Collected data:
-------

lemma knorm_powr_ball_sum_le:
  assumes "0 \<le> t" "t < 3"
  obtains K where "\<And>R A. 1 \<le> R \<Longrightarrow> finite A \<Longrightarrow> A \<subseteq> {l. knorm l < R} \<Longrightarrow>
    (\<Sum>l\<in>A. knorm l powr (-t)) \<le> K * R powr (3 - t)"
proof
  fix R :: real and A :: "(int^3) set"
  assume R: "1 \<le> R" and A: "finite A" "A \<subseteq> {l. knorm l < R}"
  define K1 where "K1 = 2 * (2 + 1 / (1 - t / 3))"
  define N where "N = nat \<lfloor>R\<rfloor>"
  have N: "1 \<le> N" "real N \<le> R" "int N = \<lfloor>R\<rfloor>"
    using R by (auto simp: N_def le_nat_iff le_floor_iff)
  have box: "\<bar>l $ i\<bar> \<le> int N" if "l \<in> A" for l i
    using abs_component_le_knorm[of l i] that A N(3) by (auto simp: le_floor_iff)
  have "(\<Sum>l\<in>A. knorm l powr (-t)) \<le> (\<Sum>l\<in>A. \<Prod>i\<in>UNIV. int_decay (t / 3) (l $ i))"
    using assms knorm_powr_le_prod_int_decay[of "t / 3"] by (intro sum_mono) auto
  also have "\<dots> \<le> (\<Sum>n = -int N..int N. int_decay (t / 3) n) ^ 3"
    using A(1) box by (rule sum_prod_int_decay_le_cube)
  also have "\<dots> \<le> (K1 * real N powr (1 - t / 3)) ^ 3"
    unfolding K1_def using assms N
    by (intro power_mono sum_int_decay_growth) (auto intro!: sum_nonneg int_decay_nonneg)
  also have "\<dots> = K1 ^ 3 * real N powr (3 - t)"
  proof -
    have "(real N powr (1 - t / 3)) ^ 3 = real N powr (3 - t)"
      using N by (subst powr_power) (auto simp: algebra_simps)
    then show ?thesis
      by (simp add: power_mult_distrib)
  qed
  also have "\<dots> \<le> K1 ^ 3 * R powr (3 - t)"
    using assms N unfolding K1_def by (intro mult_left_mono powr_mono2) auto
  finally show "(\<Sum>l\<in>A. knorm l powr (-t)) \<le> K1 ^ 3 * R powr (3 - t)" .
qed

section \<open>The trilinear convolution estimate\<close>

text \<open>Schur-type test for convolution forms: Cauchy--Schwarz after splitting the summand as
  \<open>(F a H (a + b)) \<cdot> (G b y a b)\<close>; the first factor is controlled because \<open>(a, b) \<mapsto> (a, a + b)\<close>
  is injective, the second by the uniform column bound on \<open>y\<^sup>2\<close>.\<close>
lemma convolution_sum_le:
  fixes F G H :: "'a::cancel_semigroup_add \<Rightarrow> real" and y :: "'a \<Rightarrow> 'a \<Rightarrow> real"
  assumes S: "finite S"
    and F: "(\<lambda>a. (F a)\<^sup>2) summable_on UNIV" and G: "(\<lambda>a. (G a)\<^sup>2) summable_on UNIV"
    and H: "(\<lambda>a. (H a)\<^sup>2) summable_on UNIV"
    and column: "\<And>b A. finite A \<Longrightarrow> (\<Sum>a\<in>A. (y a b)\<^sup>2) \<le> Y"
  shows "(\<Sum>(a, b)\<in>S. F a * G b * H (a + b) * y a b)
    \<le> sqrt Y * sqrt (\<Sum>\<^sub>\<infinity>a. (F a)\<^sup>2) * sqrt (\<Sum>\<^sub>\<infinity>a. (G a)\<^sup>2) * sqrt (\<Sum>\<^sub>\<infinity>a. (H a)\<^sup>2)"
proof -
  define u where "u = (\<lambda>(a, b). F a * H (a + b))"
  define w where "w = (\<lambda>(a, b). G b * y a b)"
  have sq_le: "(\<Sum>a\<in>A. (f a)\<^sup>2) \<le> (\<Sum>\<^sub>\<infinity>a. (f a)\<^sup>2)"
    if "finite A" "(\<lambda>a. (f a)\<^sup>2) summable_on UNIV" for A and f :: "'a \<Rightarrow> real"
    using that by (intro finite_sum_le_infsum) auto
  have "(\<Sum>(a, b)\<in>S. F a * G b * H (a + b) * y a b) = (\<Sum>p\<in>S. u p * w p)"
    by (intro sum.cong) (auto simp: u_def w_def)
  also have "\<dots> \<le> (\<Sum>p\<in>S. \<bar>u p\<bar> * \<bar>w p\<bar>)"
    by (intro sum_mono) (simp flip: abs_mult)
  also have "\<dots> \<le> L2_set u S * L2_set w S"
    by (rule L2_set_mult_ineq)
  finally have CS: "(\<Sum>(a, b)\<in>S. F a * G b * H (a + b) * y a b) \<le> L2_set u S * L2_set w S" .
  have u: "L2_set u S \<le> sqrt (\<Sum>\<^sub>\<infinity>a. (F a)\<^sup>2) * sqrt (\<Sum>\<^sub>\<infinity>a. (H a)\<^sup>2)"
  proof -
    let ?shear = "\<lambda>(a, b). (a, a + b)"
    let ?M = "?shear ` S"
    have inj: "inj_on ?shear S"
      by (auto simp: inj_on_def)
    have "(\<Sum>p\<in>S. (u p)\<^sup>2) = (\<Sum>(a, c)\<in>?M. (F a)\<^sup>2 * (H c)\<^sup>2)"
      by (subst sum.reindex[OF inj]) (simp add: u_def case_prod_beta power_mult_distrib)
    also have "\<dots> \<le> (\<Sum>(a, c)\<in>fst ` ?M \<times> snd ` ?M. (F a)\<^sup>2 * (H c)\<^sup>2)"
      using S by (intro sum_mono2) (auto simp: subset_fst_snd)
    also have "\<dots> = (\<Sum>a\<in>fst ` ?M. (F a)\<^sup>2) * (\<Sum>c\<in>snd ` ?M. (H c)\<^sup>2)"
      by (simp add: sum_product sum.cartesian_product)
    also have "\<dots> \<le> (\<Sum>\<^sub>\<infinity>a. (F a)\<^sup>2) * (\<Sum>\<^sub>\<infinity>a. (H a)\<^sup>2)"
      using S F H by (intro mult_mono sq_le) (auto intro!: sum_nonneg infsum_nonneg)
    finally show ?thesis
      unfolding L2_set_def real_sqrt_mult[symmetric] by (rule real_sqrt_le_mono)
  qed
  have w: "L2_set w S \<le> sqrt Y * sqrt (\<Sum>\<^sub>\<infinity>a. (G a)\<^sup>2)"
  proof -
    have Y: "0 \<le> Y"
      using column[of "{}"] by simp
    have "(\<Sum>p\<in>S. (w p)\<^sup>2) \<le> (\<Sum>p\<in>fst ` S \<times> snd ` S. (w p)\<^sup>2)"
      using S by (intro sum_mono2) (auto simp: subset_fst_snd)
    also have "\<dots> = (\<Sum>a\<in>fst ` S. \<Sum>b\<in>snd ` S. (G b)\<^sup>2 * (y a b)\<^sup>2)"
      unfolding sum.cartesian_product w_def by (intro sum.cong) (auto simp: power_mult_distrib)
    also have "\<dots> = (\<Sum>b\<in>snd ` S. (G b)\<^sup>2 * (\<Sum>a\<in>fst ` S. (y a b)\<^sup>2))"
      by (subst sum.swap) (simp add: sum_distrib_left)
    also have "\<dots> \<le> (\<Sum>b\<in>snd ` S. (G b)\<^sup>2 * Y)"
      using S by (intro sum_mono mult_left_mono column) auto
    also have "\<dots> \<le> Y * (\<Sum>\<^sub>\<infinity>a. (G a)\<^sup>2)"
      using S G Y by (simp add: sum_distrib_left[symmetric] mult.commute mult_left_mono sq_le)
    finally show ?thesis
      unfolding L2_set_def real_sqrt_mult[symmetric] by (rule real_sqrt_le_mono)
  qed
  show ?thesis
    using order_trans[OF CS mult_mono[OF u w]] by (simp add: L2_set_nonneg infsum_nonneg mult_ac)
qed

-------

The entries above must be returned in full, exactly as shown.

YOUR RESPONSE
lemma knorm_powr_ball_sum_le:
  assumes "0 \<le> t" "t < 3"
  obtains K where "\<And>R A. 1 \<le> R \<Longrightarrow> finite A \<Longrightarrow> A \<subseteq> {l. knorm l < R} \<Longrightarrow>
    (\<Sum>l\<in>A. knorm l powr (-t)) \<le> K * R powr (3 - t)"
proof
  fix R :: real and A :: "(int^3) set"
  assume R: "1 \<le> R" and A: "finite A" "A \<subseteq> {l. knorm l < R}"
  define K1 where "K1 = 2 * (2 + 1 / (1 - t / 3))"
  define N where "N = nat \<lfloor>R\<rfloor>"
  have N: "1 \<le> N" "real N \<le> R" "int N = \<lfloor>R\<rfloor>"
    using R by (auto simp: N_def le_nat_iff le_floor_iff)
  have box: "\<bar>l $ i\<bar> \<le> int N" if "l \<in> A" for l i
    using abs_component_le_knorm[of l i] that A N(3) by (auto simp: le_floor_iff)
  have "(\<Sum>l\<in>A. knorm l powr (-t)) \<le> (\<Sum>l\<in>A. \<Prod>i\<in>UNIV. int_decay (t / 3) (l $ i))"
    using assms knorm_powr_le_prod_int_decay[of "t / 3"] by (intro sum_mono) auto
  also have "\<dots> \<le> (\<Sum>n = -int N..int N. int_decay (t / 3) n) ^ 3"
    using A(1) box by (rule sum_prod_int_decay_le_cube)
  also have "\<dots> \<le> (K1 * real N powr (1 - t / 3)) ^ 3"
    unfolding K1_def using assms N
    by (intro power_mono sum_int_decay_growth) (auto intro!: sum_nonneg int_decay_nonneg)
  also have "\<dots> = K1 ^ 3 * real N powr (3 - t)"
  proof -
    have "(real N powr (1 - t / 3)) ^ 3 = real N powr (3 - t)"
      using N by (subst powr_power) (auto simp: algebra_simps)
    then show ?thesis
      by (simp add: power_mult_distrib)
  qed
  also have "\<dots> \<le> K1 ^ 3 * R powr (3 - t)"
    using assms N unfolding K1_def by (intro mult_left_mono powr_mono2) auto
  finally show "(\<Sum>l\<in>A. knorm l powr (-t)) \<le> K1 ^ 3 * R powr (3 - t)" .
qed

section \<open>The trilinear convolution estimate\<close>

text \<open>Schur-type test for convolution forms: Cauchy--Schwarz after splitting the summand as
  \<open>(F a H (a + b)) \<cdot> (G b y a b)\<close>; the first factor is controlled because \<open>(a, b) \<mapsto> (a, a + b)\<close>
  is injective, the second by the uniform column bound on \<open>y\<^sup>2\<close>.\<close>
lemma convolution_sum_le:
  fixes F G H :: "'a::cancel_semigroup_add \<Rightarrow> real" and y :: "'a \<Rightarrow> 'a \<Rightarrow> real"
  assumes S: "finite S"
    and F: "(\<lambda>a. (F a)\<^sup>2) summable_on UNIV" and G: "(\<lambda>a. (G a)\<^sup>2) summable_on UNIV"
    and H: "(\<lambda>a. (H a)\<^sup>2) summable_on UNIV"
    and column: "\<And>b A. finite A \<Longrightarrow> (\<Sum>a\<in>A. (y a b)\<^sup>2) \<le> Y"
  shows "(\<Sum>(a, b)\<in>S. F a * G b * H (a + b) * y a b)
    \<le> sqrt Y * sqrt (\<Sum>\<^sub>\<infinity>a. (F a)\<^sup>2) * sqrt (\<Sum>\<^sub>\<infinity>a. (G a)\<^sup>2) * sqrt (\<Sum>\<^sub>\<infinity>a. (H a)\<^sup>2)"
proof -
  define u where "u = (\<lambda>(a, b). F a * H (a + b))"
  define w where "w = (\<lambda>(a, b). G b * y a b)"
  have sq_le: "(\<Sum>a\<in>A. (f a)\<^sup>2) \<le> (\<Sum>\<^sub>\<infinity>a. (f a)\<^sup>2)"
    if "finite A" "(\<lambda>a. (f a)\<^sup>2) summable_on UNIV" for A and f :: "'a \<Rightarrow> real"
    using that by (intro finite_sum_le_infsum) auto
  have "(\<Sum>(a, b)\<in>S. F a * G b * H (a + b) * y a b) = (\<Sum>p\<in>S. u p * w p)"
    by (intro sum.cong) (auto simp: u_def w_def)
  also have "\<dots> \<le> (\<Sum>p\<in>S. \<bar>u p\<bar> * \<bar>w p\<bar>)"
    by (intro sum_mono) (simp flip: abs_mult)
  also have "\<dots> \<le> L2_set u S * L2_set w S"
    by (rule L2_set_mult_ineq)
  finally have CS: "(\<Sum>(a, b)\<in>S. F a * G b * H (a + b) * y a b) \<le> L2_set u S * L2_set w S" .
  have u: "L2_set u S \<le> sqrt (\<Sum>\<^sub>\<infinity>a. (F a)\<^sup>2) * sqrt (\<Sum>\<^sub>\<infinity>a. (H a)\<^sup>2)"
  proof -
    let ?shear = "\<lambda>(a, b). (a, a + b)"
    let ?M = "?shear ` S"
    have inj: "inj_on ?shear S"
      by (auto simp: inj_on_def)
    have "(\<Sum>p\<in>S. (u p)\<^sup>2) = (\<Sum>(a, c)\<in>?M. (F a)\<^sup>2 * (H c)\<^sup>2)"
      by (subst sum.reindex[OF inj]) (simp add: u_def case_prod_beta power_mult_distrib)
    also have "\<dots> \<le> (\<Sum>(a, c)\<in>fst ` ?M \<times> snd ` ?M. (F a)\<^sup>2 * (H c)\<^sup>2)"
      using S by (intro sum_mono2) (auto simp: subset_fst_snd)
    also have "\<dots> = (\<Sum>a\<in>fst ` ?M. (F a)\<^sup>2) * (\<Sum>c\<in>snd ` ?M. (H c)\<^sup>2)"
      by (simp add: sum_product sum.cartesian_product)
    also have "\<dots> \<le> (\<Sum>\<^sub>\<infinity>a. (F a)\<^sup>2) * (\<Sum>\<^sub>\<infinity>a. (H a)\<^sup>2)"
      using S F H by (intro mult_mono sq_le) (auto intro!: sum_nonneg infsum_nonneg)
    finally show ?thesis
      unfolding L2_set_def real_sqrt_mult[symmetric] by (rule real_sqrt_le_mono)
  qed
  have w: "L2_set w S \<le> sqrt Y * sqrt (\<Sum>\<^sub>\<infinity>a. (G a)\<^sup>2)"
  proof -
    have Y: "0 \<le> Y"
      using column[of "{}"] by simp
    have "(\<Sum>p\<in>S. (w p)\<^sup>2) \<le> (\<Sum>p\<in>fst ` S \<times> snd ` S. (w p)\<^sup>2)"
      using S by (intro sum_mono2) (auto simp: subset_fst_snd)
    also have "\<dots> = (\<Sum>a\<in>fst ` S. \<Sum>b\<in>snd ` S. (G b)\<^sup>2 * (y a b)\<^sup>2)"
      unfolding sum.cartesian_product w_def by (intro sum.cong) (auto simp: power_mult_distrib)
    also have "\<dots> = (\<Sum>b\<in>snd ` S. (G b)\<^sup>2 * (\<Sum>a\<in>fst ` S. (y a b)\<^sup>2))"
      by (subst sum.swap) (simp add: sum_distrib_left)
    also have "\<dots> \<le> (\<Sum>b\<in>snd ` S. (G b)\<^sup>2 * Y)"
      using S by (intro sum_mono mult_left_mono column) auto
    also have "\<dots> \<le> Y * (\<Sum>\<^sub>\<infinity>a. (G a)\<^sup>2)"
      using S G Y by (simp add: sum_distrib_left[symmetric] mult.commute mult_left_mono sq_le)
    finally show ?thesis
      unfolding L2_set_def real_sqrt_mult[symmetric] by (rule real_sqrt_le_mono)
  qed
  show ?thesis
    using order_trans[OF CS mult_mono[OF u w]] by (simp add: L2_set_nonneg infsum_nonneg mult_ac)
qed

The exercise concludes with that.